* Task requirements:
Among the entries below, find every line that has "intro" and pull it out.

[Opening Input data section]

lemma sum_powr_le_card_powr:
  fixes f :: "'a \<Rightarrow> real"
  assumes "0 < p" "p \<le> 1" "finite S" "S \<noteq> {}" "\<And>i. i \<in> S \<Longrightarrow> 0 \<le> f i"
  shows "(\<Sum>i\<in>S. f i powr p) \<le> real (card S) powr (1 - p) * (\<Sum>i\<in>S. f i) powr p"
proof -
  define n where "n = real (card S)"
  define m where "m = (\<Sum>i\<in>S. f i) / n"
  have n: "n > 0"
    using assms by (simp add: n_def card_gt_0_iff)
  have "m \<ge> 0"
    unfolding m_def using assms n by (simp add: sum_nonneg)
  show ?thesis
  proof (cases "m = 0")
    case True
    then have "(\<Sum>i\<in>S. f i) = 0"
      using n by (simp add: m_def)
    then have "\<forall>i\<in>S. f i = 0"
      using sum_nonneg_eq_0_iff[OF assms(3)] assms(5) by blast
    then show ?thesis
      by simp
  next
    case False
    with \<open>m \<ge> 0\<close> have m: "m > 0"
      by simp
    have "(\<Sum>i\<in>S. f i powr p) = (\<Sum>i\<in>S. m powr p * (f i / m) powr p)"
      using m assms by (intro sum.cong) (auto simp: powr_divide)
    also have "\<dots> \<le> (\<Sum>i\<in>S. m powr p * (p * (f i / m) + (1 - p)))"
      using assms m by (intro sum_mono mult_left_mono powr_le_affine) auto
    also have "\<dots> = (\<Sum>i\<in>S. (m powr p * p / m) * f i + m powr p * (1 - p))"
      using m by (intro sum.cong) (auto simp: field_simps)
    also have "\<dots> = m powr p * (p / m * (\<Sum>i\<in>S. f i) + n * (1 - p))"
      by (simp only: sum.distrib sum_distrib_left[symmetric] sum_constant) (simp add: n_def algebra_simps)
    also have "\<dots> = m powr p * n"
      using m n by (simp add: m_def field_simps)
    also have "\<dots> = n powr (1 - p) * (m powr p * n powr p)"
      using n by (simp add: powr_add[symmetric])
    also have "m powr p * n powr p = (\<Sum>i\<in>S. f i) powr p"
      using m n by (simp add: m_def powr_divide)
    finally show ?thesis
      by (simp add: n_def)
  qed
qed

lemma norm_sum_powr_le:
  fixes w :: "'j \<Rightarrow> 'a::real_normed_vector"
  assumes "0 < q" "q \<le> 1"
  shows "norm (\<Sum>j\<in>J. w j) powr q \<le> (\<Sum>j\<in>J. norm (w j) powr q)"
proof -
  have "norm (\<Sum>j\<in>J. w j) powr q \<le> (\<Sum>j\<in>J. norm (w j)) powr q"
    using assms by (intro powr_mono2 norm_sum) auto
  also have "\<dots> \<le> (\<Sum>j\<in>J. norm (w j) powr q)"
    using assms by (intro powr_sum_le) auto
  finally show ?thesis .
qed

lemma powr_eq_square_powr_half:
  "0 \<le> (y::real) \<Longrightarrow> y powr q = (y\<^sup>2) powr (q / 2)"
proof (cases "y = 0")
  case False
  assume "0 \<le> y"
  with False have "y\<^sup>2 = y powr 2"
    by (simp add: powr_numeral)
  then show ?thesis
    by (simp add: powr_powr)
qed simp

[Closing Input data section]

* Output for this task:
      using m assms by (intro sum.cong) (auto simp: powr_divide)
      using assms m by (intro sum_mono mult_left_mono powr_le_affine) auto
      using m by (intro sum.cong) (auto simp: field_simps)
    using assms by (intro powr_mono2 norm_sum) auto
    using assms by (intro powr_sum_le) auto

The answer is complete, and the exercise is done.